*WORK TO COMPLETE*
Go through the listing below and output exactly the line with "1 - mu L* maps", the line with "by (rule ext) (simp add: cdim_def)", and each line between; omit the rest.

*RECORDS TO USE*
(* Let $T \in \mathscr{B}(\mathscr{H})$ be an analytic left invertible operator with $\operatorname{ind}(T) = -n$ for a positive integer $n$, and let $\Omega_T := \{z \in \mathbb{C}: |z| < \|T^\dagger\|^{-1}\}$. Then $T^* \in B_n(\Omega_T)$.
   Context: For a left invertible $T$, $T^\dagger = (T^*T)^{-1}T^*$ is its Moore–Penrose inverse; $T$ is analytic if $\bigcap_{n\ge1}T^n\mathscr{H} = \{0\}$. For an open $\Omega \subset \mathbb{C}$ and positive integer $n$, the Cowen–Douglas class $B_n(\Omega)$ consists of $R \in \mathscr{B}(\mathscr{H})$ with: $\Omega \subset \sigma(R)$; $(R-\lambda)\mathscr{H} = \mathscr{H}$ for all $\lambda\in\Omega$; $\dim\ker(R-\lambda) = n$ for all $\lambda \in \Omega$; and the closed span of $\bigcup_{\lambda\in\Omega}\ker(R-\lambda)$ is $\mathscr{H}$. *)

theory Defs
  imports "HOL-Analysis.Analysis"
begin

class complex_vector = real_vector +
  fixes scaleC :: "complex \<Rightarrow> 'a \<Rightarrow> 'a"
  assumes scaleC_add_right: "scaleC a (x + y) = scaleC a x + scaleC a y"
    and scaleC_add_left: "scaleC (a + b) x = scaleC a x + scaleC b x"
    and scaleC_scaleC: "scaleC a (scaleC b x) = scaleC (a * b) x"
    and scaleC_one: "scaleC 1 x = x"
    and scaleR_scaleC: "scaleR r x = scaleC (complex_of_real r) x"

class complex_normed_vector = complex_vector + real_normed_vector +
  assumes norm_scaleC: "norm (scaleC a x) = cmod a * norm x"

text \<open>Inner product, conjugate-linear in the first and linear in the second argument.\<close>
class complex_inner = complex_normed_vector +
  fixes cinner :: "'a \<Rightarrow> 'a \<Rightarrow> complex"
  assumes cinner_commute: "cinner x y = cnj (cinner y x)"
    and cinner_add_right: "cinner x (y + z) = cinner x y + cinner x z"
    and cinner_scaleC_right: "cinner x (scaleC c y) = c * cinner x y"
    and cinner_self_norm: "cinner x x = complex_of_real ((norm x)\<^sup>2)"

class chilbert_space = complex_inner + complete_space

definition cspan :: "'a::complex_vector set \<Rightarrow> 'a set" where
  "cspan S = module.span scaleC S"

definition cdim :: "'a::complex_vector set \<Rightarrow> nat" where
  "cdim S = vector_space.dim scaleC S"

definition fin_cdim :: "'a::complex_vector set \<Rightarrow> bool" where
  "fin_cdim S \<longleftrightarrow> (\<exists>B. finite B \<and> cspan B = S)"

definition orth :: "'a::complex_inner set \<Rightarrow> 'a set" where
  "orth S = {x. \<forall>y\<in>S. cinner y x = 0}"

definition kernel :: "('a \<Rightarrow> 'b::zero) \<Rightarrow> 'a set" where
  "kernel T = {x. T x = 0}"

definition bounded_clinear :: "('a::complex_normed_vector \<Rightarrow> 'b::complex_normed_vector) \<Rightarrow> bool" where
  "bounded_clinear f \<longleftrightarrow> bounded_linear f \<and> (\<forall>c x. f (scaleC c x) = scaleC c (f x))"

definition adjoint :: "('a::chilbert_space \<Rightarrow> 'a) \<Rightarrow> ('a \<Rightarrow> 'a)" where
  "adjoint T = (SOME S. \<forall>x y. cinner (T x) y = cinner x (S y))"

definition invertible_op :: "('a::complex_normed_vector \<Rightarrow> 'a) \<Rightarrow> bool" where
  "invertible_op T \<longleftrightarrow> bounded_clinear T \<and>
     (\<exists>S. bounded_clinear S \<and> (\<forall>x. S (T x) = x) \<and> (\<forall>x. T (S x) = x))"

definition left_invertible :: "('a::complex_normed_vector \<Rightarrow> 'a) \<Rightarrow> bool" where
  "left_invertible T \<longleftrightarrow> bounded_clinear T \<and> (\<exists>S. bounded_clinear S \<and> (\<forall>x. S (T x) = x))"

definition moore_penrose :: "('a::chilbert_space \<Rightarrow> 'a) \<Rightarrow> ('a \<Rightarrow> 'a)" where
  "moore_penrose T = inv (adjoint T \<circ> T) \<circ> adjoint T"

definition analytic_op :: "('a::complex_normed_vector \<Rightarrow> 'a) \<Rightarrow> bool" where
  "analytic_op T \<longleftrightarrow> (\<Inter>k\<in>{1..}. range (T ^^ k)) = {0}"

text \<open>Fredholm operators and their index; the cokernel H / ran T is identified with
  the orthogonal complement of the (closed) range.\<close>
definition fredholm :: "('a::chilbert_space \<Rightarrow> 'a) \<Rightarrow> bool" where
  "fredholm T \<longleftrightarrow> bounded_clinear T \<and> closed (range T) \<and>
     fin_cdim (kernel T) \<and> fin_cdim (orth (range T))"

definition fredholm_index :: "('a::chilbert_space \<Rightarrow> 'a) \<Rightarrow> int" where
  "fredholm_index T = int (cdim (kernel T)) - int (cdim (orth (range T)))"

definition op_spectrum :: "('a::complex_normed_vector \<Rightarrow> 'a) \<Rightarrow> complex set" where
  "op_spectrum R = {l. \<not> invertible_op (\<lambda>x. R x - scaleC l x)}"

definition cowen_douglas :: "nat \<Rightarrow> complex set \<Rightarrow> ('a::chilbert_space \<Rightarrow> 'a) \<Rightarrow> bool" where
  "cowen_douglas n \<Omega> R \<longleftrightarrow> open \<Omega> \<and> bounded_clinear R \<and>
     \<Omega> \<subseteq> op_spectrum R \<and>
     (\<forall>l\<in>\<Omega>. surj (\<lambda>x. R x - scaleC l x)) \<and>
     (\<forall>l\<in>\<Omega>. fin_cdim (kernel (\<lambda>x. R x - scaleC l x)) \<and>
              cdim (kernel (\<lambda>x. R x - scaleC l x)) = n) \<and>
     closure (cspan (\<Union>l\<in>\<Omega>. kernel (\<lambda>x. R x - scaleC l x))) = UNIV"

end

theory Submission
  imports Defs
begin

(* Let L be the Moore-Penrose inverse of T. Since L T = 1, the adjoint L* is a bounded right
   inverse of T*, and T* - mu factors as T* composed with 1 - mu L*. For |mu| ||L|| < 1 the
   operator 1 - mu L* is invertible by the Banach fixed point theorem, so T* - mu is onto and
   1 - mu L* maps its kernel isomorphically onto ker T*, the orthogonal complement of ran T,
   which has dimension n by the index hypothesis. For density, let z be orthogonal to all
   these kernels. Then so is L z, and z = T (L z) because z is orthogonal to ker T*.
   Iterating, z = T^k (L^k z) lies in the range of every power of T, so z = 0 by
   analyticity. *)

interpretation cv: vector_space "scaleC :: complex \<Rightarrow> 'a::complex_vector \<Rightarrow> 'a"
  by unfold_locales (auto simp: scaleC_add_right scaleC_add_left scaleC_scaleC scaleC_one)

lemma cspan_eq_span: "cspan = cv.span"
  by (rule ext) (simp add: cspan_def)

lemma cdim_eq_dim: "cdim = cv.dim"
  by (rule ext) (simp add: cdim_def)

lemma cdim_subset_zero: "S \<subseteq> {0} \<Longrightarrow> cdim S = 0"
  using cv.dim_le_card[of S "{}"] by (simp add: cdim_eq_dim)
lemma concat_enum_permutes:
  assumes "inj_on g {0..<p}" "inj_on h {0..<p}" "g ` {0..<p} \<inter> h ` {0..<p} = {}"
    and "g ` {0..<p} \<subseteq> {1..2 * p}" "h ` {0..<p} \<subseteq> {1..2 * p}"
  shows "concat_enum p g h permutes {1..2 * p}"
proof (rule inj_imp_permutes)
  have in_g: "concat_enum p g h k \<in> g ` {0..<p}" if "1 \<le> k" "k \<le> p" for k
    using that by (intro image_eqI[of _ _ "k - 1"]) (auto simp: concat_enum_def)
  have in_h: "concat_enum p g h k \<in> h ` {0..<p}" if "p < k" "k \<le> 2 * p" for k
    using that by (intro image_eqI[of _ _ "k - p - 1"]) (auto simp: concat_enum_def)
  show "inj_on (concat_enum p g h) {1..2 * p}"
  proof (rule inj_onI)
    fix i j
    assume ij: "i \<in> {1..2 * p}" "j \<in> {1..2 * p}" "concat_enum p g h i = concat_enum p g h j"
    consider "i \<le> p" "j \<le> p" | "i \<le> p" "p < j" | "p < i" "j \<le> p" | "p < i" "p < j"
      by linarith
    then show "i = j"
    proof cases
      case 1
      then have "i - 1 = j - 1"
        using ij assms(1) by (auto simp: concat_enum_def inj_on_def)
      with ij(1,2) show ?thesis
        by (simp only: atLeastAtMost_iff) linarith
    next
      case 2
      then show ?thesis
        using in_g[of i] in_h[of j] ij assms(3) by auto
    next
      case 3
      then show ?thesis
        using in_g[of j] in_h[of i] ij assms(3) by auto
    next
      case 4
      then have "i - p - 1 = j - p - 1"
        using ij assms(2) by (auto simp: concat_enum_def inj_on_def)
      with ij(1,2) 4 show ?thesis
        by simp
    qed
  qed
  show "concat_enum p g h k \<in> {1..2 * p}" if "k \<in> {1..2 * p}" for k
    using that in_g[of k] in_h[of k] assms(4,5) by force
qed (auto simp: concat_enum_def)

locale perm_of_prime_order =
  fixes p :: nat and a :: "nat \<Rightarrow> nat"
  assumes prime: "prime p" and a_permutes: "a permutes {1..2 * p}" and a_pow: "a ^^ p = id"
begin

lemma p_pos: "p > 0"
  using prime prime_gt_0_nat by blast

definition orbit :: "nat \<Rightarrow> nat set" where
  "orbit x = (\<lambda>i. (a ^^ i) x) ` {0..<p}"

lemma funpow_in_orbit: "(a ^^ m) x \<in> orbit x"
proof -
  have "(a ^^ m) x = (a ^^ (m mod p)) x"
    using funpow_mod_eq[of p a x m] a_pow by simp
  then show ?thesis
    unfolding orbit_def using p_pos by auto
qed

*ANSWER BELOW*
   1 - mu L* maps its kernel isomorphically onto ker T*, the orthogonal complement of ran T,
   which has dimension n by the index hypothesis. For density, let z be orthogonal to all
   these kernels. Then so is L z, and z = T (L z) because z is orthogonal to ker T*.
   Iterating, z = T^k (L^k z) lies in the range of every power of T, so z = 0 by
   analyticity. *)

interpretation cv: vector_space "scaleC :: complex \<Rightarrow> 'a::complex_vector \<Rightarrow> 'a"
  by unfold_locales (auto simp: scaleC_add_right scaleC_add_left scaleC_scaleC scaleC_one)

lemma cspan_eq_span: "cspan = cv.span"
  by (rule ext) (simp add: cspan_def)

lemma cdim_eq_dim: "cdim = cv.dim"
  by (rule ext) (simp add: cdim_def)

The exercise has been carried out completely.